In the early United States, devout Christians who would impose their beliefs on others were in the minority among the country’s founders. Thomas Jefferson’s views on the subject are well-known. Much more conservative than Jefferson, fellow Virginian George Washington made frequent statements on religion as part of the essential texture of public life. But while Washington discussed religion as a communal affair with important social and political dimensions, like Jefferson he endorsed religious liberty and freedom of conscience and belief.
Washington went further in defense of religious minorities than the hugely influential theorist of religious toleration, John Locke. The principle of toleration was unique in Europe and England, where “state-sponsored religion was the norm,” as Newport, Rhode Island’s historic Touro Synagogue explains.
But the idea was usually taken to mean that “non-Christians were to be ‘tolerated’ for their beliefs” in a paternalist sense, “with the hope that ‘Jews, Turks, and Infidels” would become Christian.” Washington, however, declared:
It is now no more that toleration is spoken of, as if it was by the indulgence of one class of people, that another enjoyed the exercise of their inherent natural rights. For happily the Government of the United States, which gives to bigotry no sanction, to persecution no assistance requires only that they who live under its protection should demean themselves good citizens, in giving it on all occasions their effectual support.
These words come from Washington’s short 1790 letter to the “the Hebrew Congregation in Newport, Rhode Island,” the first in a series of letters written to citizens of Newport after he and then-secretary of state Jefferson made a visit. The address responds directly to a letter of welcome read to him on his arrival in the city by Moses Seixas, an official of the first Jewish congregation in Newport, which states:
Deprived as we heretofore have been of the invaluable rights of free Citizens, we now (with a deep sense of gratitude to the Almighty disposer of all events) behold a Government, erected by the Majesty of the People—a Government, which to bigotry gives no sanction, to persecution no assistance—but generously affording to All liberty of conscience, and immunities of Citizenship: deeming every one, of whatever Nation, tongue, or language, equal parts of the great governmental Machine….
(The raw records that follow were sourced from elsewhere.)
text \<open>Passing from \<open>\<beta>\<close> to \<open>\<tau>\<^sup>k(\<beta>)\<close> strictly shortens the \<open>\<tau>\<close>-string: every exponent \<open>k'\<close>
  admissible for \<open>\<tau>\<^sup>k(\<beta>)\<close> gives the exponent \<open>k + k'\<close> for \<open>\<beta>\<close>, and \<open>k\<close> itself is lost.\<close>
lemma bd_len_image_less:
  assumes fin: "finite (bd_pairs n \<Gamma>1 \<tau>)" and p: "p \<in> bd_pairs n \<Gamma>1 \<tau>"
  shows "bd_len n \<Gamma>1 \<tau> (bd_image \<Gamma>1 \<tau> p) < bd_len n \<Gamma>1 \<tau> (fst p)"
proof -
  obtain \<beta> k where pe: "p = (\<beta>, k)" by (cases p)
  let ?te = "tau_ext \<Gamma>1 \<tau>" and ?B = "bd_pairs n \<Gamma>1 \<tau>"
  define \<gamma> where "\<gamma> = (?te ^^ k) \<beta>"
  have bp: "1 \<le> k" "\<forall>j<k. (?te ^^ j) \<beta> \<in> zspan \<Gamma>1"
    using p pe by (auto simp: bd_pairs_def)
  let ?K\<beta> = "{k. (\<beta>, k) \<in> ?B}" and ?K\<gamma> = "{k. (\<gamma>, k) \<in> ?B}"
  have fin\<beta>: "finite ?K\<beta>"
    using fin by (rule finite_subset[rotated, OF finite_imageI[of _ snd]]) force
  have shift: "(\<lambda>k'. k + k') ` ?K\<gamma> \<subseteq> ?K\<beta> - {k}"
  proof
    fix x assume "x \<in> (\<lambda>k'. k + k') ` ?K\<gamma>"
    then obtain k' where x: "x = k + k'" and k': "(\<gamma>, k') \<in> ?B" by auto
    then have g: "1 \<le> k'" "\<forall>j<k'. (?te ^^ j) \<gamma> \<in> zspan \<Gamma>1" by (auto simp: bd_pairs_def)
    have "(?te ^^ j) \<beta> \<in> zspan \<Gamma>1" if "j < k + k'" for j
    proof (cases "j < k")
      case False
      then have "(?te ^^ j) \<beta> = (?te ^^ (j - k)) \<gamma>"
        unfolding \<gamma>_def by (metis funpow_add le_add_diff_inverse2 not_less o_apply)
      then show ?thesis using g that False by auto
    qed (use bp in auto)
    then show "x \<in> ?K\<beta> - {k}" using p pe g x by (auto simp: bd_pairs_def)
  qed
  have "card ?K\<gamma> = card ((\<lambda>k'. k + k') ` ?K\<gamma>)" by (simp add: card_image)
  also have "\<dots> \<le> card (?K\<beta> - {k})" using shift fin\<beta> by (intro card_mono) auto
  also have "\<dots> < card ?K\<beta>" using fin\<beta> p pe by (intro card_Diff1_less) auto
  finally show ?thesis by (simp add: bd_len_def pe bd_image_def \<gamma>_def)
qed

lemma bd_low_support:
  assumes "bd_low n \<Gamma>1 \<tau> x s t \<noteq> 0"
  shows "t < s \<and> (\<exists>i j. (j,i) \<in> below n \<and> x $$ (j,i) \<noteq> 0 \<and>
           bd_len n \<Gamma>1 \<tau> (epsd t s) < bd_len n \<Gamma>1 \<tau> (epsd i j))"
proof -
  have fin: "finite (bd_pairs n \<Gamma>1 \<tau>)" using assms sum.infinite unfolding bd_low_def by blast
  obtain p where p: "p \<in> bd_pairs n \<Gamma>1 \<tau>"
    and nz: "trace_pair n (rootvec n (fst p)) x * rootvec n (\<lambda>m. - bd_image \<Gamma>1 \<tau> p m) s t \<noteq> 0"
    using sum.not_neutral_contains_not_neutral[OF assms[unfolded bd_low_def]] by blast
  then have pair: "trace_pair n (rootvec n (fst p)) x \<noteq> 0"
    and img: "rootvec n (\<lambda>m. - bd_image \<Gamma>1 \<tau> p m) s t \<noteq> 0" by auto
  obtain i j where ij: "i < n" "j < n" "rootvec n (fst p) i j \<noteq> 0" "x $$ (j,i) \<noteq> 0"
    using trace_pair_nonzero[OF pair] by blast
  have "i < j" "fst p = epsd i j" using bd_pair_root[OF p ij(3)] by auto
  moreover have "t < s" "bd_image \<Gamma>1 \<tau> p = epsd t s" using bd_image_root[OF p img] by auto
  moreover have "bd_len n \<Gamma>1 \<tau> (bd_image \<Gamma>1 \<tau> p) < bd_len n \<Gamma>1 \<tau> (fst p)"
    by (rule bd_len_image_less[OF fin p])
  ultimately show ?thesis using ij by (auto simp: below_def)
qed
As did many such proclamations, the document glosses the brutal contradiction of slavery, indigenous slaughter, and actual discrimination religious minorities faced. Nonetheless, the democratic principles Seixas outlined so accorded with Washington’s ideals that the first president repeated key phrases verbatim. This is no mere pandering. When Washington arrived in Newport in 1790, state legislatures were in the process of ratifying what was then the Third Amendment to the Constitution, which we know as the First, prohibiting the establishment of state religion and granting freedom of the press.
Arguments over religious liberty were fierce, and toleration had strict limits. In some states “the rights of minority groups such as Baptists, Presbyterians, Catholics and Quakers were restricted,” notes Touro. “In most states, non-Christians were denied the rights of full citizenship, such as holding public office. Even in religiously liberal Rhode Island, Jews were not allowed to vote.” While the First Amendment “did little to erase these injustices,” Washington’s letter set out ideal conditions in which the country’s “enlarged and liberal policy” granted “liberty of conscience and immunities of citizenship” to all.
That Washington would make such claims in Rhode Island bears particular significance given that the state is “most noted as the place where religious freedom was actually born,” writes former Ambassador and UN Delegate John Loeb. The colony’s 1663 charter “set forth the first political entity in the world to separate the church from the state.” Washington’s statement one hundred and twenty-seven years later “applied—and continues to apply—to every American,” Loeb argues, despite its specific address “to a small group of Jewish citizens.” But that specific address matters. It promised inclusion and protection to a community that had faced centuries of terror.
As historian Melvin Urofsky writes, the letter “to the Hebrew Congregation,” like many other such statements made by the founders, “is a treasure to the entire nation”—a nation that “recognized,” at least in words, “diversity for what it was, one of the country’s greatest assets, and took as its motto E Pluribus Unum—Out of Many, One. The separation of church and state, and with it the freedom of religion enshrined in the First Amendment to the Constitution, has made the United States a beacon of hope to oppressed peoples everywhere.”